■ PROBLEM: Among the lines below, restate word for word only those from the line with "by (simp add: sum_distrib_left)" through the line with "using le le_neq_implies_less by blast", with both end lines kept.

(Data records)
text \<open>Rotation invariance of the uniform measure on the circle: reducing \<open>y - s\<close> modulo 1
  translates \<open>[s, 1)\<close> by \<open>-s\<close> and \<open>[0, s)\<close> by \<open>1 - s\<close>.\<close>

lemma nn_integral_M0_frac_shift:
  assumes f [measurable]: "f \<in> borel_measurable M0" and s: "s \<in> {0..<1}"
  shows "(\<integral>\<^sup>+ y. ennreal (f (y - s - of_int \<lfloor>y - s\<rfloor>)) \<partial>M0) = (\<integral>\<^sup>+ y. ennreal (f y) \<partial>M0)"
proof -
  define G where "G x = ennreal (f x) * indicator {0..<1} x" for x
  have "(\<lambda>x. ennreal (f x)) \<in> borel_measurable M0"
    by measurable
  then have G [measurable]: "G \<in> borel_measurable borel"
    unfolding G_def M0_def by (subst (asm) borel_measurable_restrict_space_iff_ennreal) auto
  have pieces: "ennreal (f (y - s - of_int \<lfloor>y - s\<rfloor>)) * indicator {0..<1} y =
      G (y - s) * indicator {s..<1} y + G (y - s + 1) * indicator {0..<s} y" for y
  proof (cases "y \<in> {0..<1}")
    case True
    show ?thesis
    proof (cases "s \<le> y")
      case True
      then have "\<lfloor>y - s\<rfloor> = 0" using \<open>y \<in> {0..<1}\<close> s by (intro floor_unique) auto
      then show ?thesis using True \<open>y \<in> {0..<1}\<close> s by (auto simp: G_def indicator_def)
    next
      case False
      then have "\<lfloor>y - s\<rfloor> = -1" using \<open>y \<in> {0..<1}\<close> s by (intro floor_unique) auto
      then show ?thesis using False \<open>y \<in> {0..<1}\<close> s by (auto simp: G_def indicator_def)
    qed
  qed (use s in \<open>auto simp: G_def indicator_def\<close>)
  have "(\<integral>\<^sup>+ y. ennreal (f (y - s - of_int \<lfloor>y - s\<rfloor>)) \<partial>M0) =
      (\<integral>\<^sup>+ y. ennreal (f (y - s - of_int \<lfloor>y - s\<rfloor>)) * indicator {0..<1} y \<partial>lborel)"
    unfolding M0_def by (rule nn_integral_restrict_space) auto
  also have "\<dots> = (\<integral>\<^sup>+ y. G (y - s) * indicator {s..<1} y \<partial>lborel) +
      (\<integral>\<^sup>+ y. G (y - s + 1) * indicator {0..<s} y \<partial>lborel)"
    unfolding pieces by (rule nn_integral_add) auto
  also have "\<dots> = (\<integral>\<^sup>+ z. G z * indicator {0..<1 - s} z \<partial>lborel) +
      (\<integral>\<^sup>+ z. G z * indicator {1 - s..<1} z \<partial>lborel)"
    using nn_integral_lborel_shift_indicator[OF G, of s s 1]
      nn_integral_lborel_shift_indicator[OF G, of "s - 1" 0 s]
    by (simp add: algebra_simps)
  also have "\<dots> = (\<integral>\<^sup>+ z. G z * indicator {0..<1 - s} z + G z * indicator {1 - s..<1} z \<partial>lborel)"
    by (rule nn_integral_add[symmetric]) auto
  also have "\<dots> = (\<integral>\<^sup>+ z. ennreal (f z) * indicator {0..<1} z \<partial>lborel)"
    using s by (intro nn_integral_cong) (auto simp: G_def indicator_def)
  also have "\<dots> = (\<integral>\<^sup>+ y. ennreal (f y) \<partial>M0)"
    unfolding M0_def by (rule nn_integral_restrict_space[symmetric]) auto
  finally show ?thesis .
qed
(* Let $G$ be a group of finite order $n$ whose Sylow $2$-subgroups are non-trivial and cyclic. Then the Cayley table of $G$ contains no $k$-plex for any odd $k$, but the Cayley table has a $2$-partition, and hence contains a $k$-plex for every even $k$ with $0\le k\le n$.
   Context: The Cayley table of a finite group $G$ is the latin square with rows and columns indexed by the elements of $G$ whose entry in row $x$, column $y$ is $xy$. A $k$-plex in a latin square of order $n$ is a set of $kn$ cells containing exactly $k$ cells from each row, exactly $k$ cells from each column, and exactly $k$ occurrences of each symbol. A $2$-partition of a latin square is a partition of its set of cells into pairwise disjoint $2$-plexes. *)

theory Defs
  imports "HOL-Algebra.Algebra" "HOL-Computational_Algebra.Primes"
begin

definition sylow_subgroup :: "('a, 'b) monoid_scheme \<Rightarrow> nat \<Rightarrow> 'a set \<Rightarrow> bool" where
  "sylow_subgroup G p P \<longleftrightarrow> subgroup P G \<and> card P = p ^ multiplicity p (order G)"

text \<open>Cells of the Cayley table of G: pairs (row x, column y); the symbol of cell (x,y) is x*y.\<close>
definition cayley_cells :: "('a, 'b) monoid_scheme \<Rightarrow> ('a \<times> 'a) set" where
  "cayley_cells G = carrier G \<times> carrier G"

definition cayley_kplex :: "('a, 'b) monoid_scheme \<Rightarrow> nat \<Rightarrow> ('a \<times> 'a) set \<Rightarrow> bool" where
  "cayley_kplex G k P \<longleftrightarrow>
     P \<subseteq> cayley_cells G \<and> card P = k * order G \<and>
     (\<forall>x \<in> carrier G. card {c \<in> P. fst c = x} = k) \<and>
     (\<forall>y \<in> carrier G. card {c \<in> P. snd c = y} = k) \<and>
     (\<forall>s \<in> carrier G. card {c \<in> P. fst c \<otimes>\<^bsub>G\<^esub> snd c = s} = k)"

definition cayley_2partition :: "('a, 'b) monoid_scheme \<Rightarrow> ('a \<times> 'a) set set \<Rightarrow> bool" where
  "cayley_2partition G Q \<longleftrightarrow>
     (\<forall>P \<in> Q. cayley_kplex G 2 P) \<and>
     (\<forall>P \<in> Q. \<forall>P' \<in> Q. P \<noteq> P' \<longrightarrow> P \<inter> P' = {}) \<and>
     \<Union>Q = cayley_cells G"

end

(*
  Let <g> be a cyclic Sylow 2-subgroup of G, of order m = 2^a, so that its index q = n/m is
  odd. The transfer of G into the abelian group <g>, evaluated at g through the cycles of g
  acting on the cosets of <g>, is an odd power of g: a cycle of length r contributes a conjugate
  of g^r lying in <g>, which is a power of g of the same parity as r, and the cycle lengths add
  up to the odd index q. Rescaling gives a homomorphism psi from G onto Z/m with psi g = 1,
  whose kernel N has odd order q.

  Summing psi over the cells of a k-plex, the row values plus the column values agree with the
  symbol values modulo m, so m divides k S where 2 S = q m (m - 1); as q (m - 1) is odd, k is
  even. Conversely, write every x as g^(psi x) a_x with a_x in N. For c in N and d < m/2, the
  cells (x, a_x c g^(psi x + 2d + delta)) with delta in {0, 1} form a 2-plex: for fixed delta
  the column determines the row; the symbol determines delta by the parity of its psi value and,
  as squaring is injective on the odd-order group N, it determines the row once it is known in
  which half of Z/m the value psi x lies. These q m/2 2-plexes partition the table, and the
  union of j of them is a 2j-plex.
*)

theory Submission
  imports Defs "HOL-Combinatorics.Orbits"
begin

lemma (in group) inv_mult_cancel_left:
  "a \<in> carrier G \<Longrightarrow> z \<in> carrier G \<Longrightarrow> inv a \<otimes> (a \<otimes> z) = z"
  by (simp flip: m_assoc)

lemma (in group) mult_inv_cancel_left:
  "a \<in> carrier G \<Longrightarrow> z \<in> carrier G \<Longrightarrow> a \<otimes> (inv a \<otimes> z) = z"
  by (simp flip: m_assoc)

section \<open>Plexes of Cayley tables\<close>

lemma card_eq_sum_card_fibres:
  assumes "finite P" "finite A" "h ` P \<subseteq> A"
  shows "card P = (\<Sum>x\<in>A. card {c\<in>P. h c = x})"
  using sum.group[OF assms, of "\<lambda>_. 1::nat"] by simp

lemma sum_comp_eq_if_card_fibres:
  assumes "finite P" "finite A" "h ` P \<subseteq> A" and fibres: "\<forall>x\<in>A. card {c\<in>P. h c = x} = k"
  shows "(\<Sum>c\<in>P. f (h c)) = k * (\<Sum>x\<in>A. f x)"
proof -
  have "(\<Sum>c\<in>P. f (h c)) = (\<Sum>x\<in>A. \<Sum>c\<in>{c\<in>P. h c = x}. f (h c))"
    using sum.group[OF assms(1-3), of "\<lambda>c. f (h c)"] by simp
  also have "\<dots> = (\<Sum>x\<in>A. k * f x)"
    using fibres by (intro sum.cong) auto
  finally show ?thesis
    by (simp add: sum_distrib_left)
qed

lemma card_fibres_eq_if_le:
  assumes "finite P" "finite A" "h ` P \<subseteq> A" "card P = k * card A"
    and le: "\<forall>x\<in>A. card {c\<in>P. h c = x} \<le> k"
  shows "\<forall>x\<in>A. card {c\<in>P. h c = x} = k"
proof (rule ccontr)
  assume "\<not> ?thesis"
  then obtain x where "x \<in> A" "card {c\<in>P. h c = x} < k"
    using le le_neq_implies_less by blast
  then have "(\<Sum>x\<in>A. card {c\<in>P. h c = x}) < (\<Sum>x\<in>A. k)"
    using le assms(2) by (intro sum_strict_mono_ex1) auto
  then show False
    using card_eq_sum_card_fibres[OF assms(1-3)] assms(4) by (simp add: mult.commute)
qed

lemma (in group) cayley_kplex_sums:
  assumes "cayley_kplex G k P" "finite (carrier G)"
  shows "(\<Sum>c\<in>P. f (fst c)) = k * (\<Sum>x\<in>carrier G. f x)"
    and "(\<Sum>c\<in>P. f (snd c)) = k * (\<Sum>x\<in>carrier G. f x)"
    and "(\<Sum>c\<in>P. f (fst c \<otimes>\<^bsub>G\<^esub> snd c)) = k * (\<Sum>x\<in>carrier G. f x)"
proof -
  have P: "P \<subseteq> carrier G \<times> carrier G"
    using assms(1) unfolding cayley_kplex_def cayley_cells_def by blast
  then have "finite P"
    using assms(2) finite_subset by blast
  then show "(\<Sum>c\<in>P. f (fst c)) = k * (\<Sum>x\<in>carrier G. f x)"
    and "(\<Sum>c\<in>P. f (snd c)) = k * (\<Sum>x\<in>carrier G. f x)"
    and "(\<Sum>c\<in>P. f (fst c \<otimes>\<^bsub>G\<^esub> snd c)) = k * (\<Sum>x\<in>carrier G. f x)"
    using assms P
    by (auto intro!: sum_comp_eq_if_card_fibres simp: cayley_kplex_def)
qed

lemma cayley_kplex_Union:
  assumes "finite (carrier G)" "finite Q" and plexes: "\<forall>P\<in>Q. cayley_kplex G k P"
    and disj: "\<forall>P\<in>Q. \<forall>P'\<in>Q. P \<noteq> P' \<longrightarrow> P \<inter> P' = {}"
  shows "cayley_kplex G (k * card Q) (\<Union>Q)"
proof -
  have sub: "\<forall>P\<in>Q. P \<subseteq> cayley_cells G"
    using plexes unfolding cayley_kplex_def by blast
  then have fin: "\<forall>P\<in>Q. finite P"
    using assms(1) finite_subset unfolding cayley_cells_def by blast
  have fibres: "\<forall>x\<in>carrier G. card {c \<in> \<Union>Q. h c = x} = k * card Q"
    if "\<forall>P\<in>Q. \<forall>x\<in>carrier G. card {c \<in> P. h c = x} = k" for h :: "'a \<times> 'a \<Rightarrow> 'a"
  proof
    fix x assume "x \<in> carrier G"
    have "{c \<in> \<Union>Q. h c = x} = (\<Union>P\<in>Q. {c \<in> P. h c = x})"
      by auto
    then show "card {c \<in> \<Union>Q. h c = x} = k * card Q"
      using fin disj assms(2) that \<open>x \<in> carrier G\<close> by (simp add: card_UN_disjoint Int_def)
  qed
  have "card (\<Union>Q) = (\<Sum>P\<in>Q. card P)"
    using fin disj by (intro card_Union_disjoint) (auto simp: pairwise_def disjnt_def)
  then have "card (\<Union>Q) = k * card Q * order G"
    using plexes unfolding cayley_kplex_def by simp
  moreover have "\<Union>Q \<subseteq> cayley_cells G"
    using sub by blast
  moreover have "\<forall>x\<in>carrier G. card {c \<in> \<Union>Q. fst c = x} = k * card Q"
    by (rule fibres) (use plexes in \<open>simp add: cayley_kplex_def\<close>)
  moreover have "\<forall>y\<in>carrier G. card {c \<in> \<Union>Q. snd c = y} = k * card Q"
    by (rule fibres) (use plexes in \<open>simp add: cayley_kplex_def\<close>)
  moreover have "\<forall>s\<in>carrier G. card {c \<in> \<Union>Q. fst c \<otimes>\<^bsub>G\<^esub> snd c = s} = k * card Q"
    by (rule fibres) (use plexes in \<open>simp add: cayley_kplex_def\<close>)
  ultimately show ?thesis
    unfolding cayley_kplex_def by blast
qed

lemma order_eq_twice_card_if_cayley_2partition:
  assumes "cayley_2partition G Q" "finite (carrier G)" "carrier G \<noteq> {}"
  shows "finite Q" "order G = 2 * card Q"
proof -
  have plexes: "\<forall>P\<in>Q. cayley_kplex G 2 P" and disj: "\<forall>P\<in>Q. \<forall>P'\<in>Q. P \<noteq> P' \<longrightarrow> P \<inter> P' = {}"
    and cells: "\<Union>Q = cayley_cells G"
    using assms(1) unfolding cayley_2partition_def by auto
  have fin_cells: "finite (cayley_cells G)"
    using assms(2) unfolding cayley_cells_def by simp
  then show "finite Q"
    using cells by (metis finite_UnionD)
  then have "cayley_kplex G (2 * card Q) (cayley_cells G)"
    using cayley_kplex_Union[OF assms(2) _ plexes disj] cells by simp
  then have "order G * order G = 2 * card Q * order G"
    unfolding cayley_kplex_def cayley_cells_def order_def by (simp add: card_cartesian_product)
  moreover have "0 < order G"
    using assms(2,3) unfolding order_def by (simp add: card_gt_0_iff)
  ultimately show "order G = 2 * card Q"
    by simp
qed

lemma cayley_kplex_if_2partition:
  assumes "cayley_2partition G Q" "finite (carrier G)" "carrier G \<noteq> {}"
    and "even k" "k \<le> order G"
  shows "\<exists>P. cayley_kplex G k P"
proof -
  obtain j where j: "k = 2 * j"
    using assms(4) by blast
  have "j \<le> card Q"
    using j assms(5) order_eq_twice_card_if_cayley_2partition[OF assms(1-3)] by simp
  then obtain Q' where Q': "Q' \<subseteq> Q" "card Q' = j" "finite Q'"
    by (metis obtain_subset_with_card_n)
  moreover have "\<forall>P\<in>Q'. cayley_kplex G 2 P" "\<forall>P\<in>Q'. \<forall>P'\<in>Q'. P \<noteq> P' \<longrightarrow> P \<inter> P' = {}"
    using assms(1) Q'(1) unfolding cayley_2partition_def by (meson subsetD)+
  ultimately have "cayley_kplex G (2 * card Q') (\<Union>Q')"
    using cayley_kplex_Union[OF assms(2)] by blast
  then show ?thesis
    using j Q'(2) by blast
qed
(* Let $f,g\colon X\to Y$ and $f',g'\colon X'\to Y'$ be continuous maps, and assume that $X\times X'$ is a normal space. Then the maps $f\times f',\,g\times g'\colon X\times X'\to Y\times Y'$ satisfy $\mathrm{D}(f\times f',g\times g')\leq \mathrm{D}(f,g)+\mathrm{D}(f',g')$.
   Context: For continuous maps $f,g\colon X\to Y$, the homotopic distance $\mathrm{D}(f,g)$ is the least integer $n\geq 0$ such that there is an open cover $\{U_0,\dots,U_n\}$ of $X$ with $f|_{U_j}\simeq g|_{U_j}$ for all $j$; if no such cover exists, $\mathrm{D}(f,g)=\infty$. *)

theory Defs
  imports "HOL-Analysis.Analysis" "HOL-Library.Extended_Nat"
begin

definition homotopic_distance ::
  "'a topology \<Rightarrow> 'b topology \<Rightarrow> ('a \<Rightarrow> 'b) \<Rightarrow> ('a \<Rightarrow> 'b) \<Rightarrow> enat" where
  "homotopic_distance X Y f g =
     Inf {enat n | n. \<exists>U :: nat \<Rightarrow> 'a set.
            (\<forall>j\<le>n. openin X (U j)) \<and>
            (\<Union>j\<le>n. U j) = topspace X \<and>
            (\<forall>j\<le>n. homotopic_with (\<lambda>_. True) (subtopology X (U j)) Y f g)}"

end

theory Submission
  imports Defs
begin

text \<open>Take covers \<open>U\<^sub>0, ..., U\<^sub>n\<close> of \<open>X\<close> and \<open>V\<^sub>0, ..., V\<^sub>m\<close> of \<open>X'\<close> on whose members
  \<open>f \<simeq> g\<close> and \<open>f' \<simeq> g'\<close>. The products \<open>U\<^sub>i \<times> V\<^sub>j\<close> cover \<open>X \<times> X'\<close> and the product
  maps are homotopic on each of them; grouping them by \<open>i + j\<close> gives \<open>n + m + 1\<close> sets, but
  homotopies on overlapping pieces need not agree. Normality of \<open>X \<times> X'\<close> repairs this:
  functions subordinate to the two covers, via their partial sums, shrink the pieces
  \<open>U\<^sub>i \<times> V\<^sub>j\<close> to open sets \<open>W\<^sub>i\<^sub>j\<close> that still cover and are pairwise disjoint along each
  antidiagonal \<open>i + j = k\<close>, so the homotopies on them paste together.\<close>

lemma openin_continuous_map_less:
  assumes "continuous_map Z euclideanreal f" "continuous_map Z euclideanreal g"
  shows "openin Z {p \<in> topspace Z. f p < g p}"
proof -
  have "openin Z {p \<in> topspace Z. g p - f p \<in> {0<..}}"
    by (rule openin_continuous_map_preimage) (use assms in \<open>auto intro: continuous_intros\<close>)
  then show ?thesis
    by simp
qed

■ SOLUTION TO THIS PROBLEM:
    by (simp add: sum_distrib_left)
qed

lemma card_fibres_eq_if_le:
  assumes "finite P" "finite A" "h ` P \<subseteq> A" "card P = k * card A"
    and le: "\<forall>x\<in>A. card {c\<in>P. h c = x} \<le> k"
  shows "\<forall>x\<in>A. card {c\<in>P. h c = x} = k"
proof (rule ccontr)
  assume "\<not> ?thesis"
  then obtain x where "x \<in> A" "card {c\<in>P. h c = x} < k"
    using le le_neq_implies_less by blast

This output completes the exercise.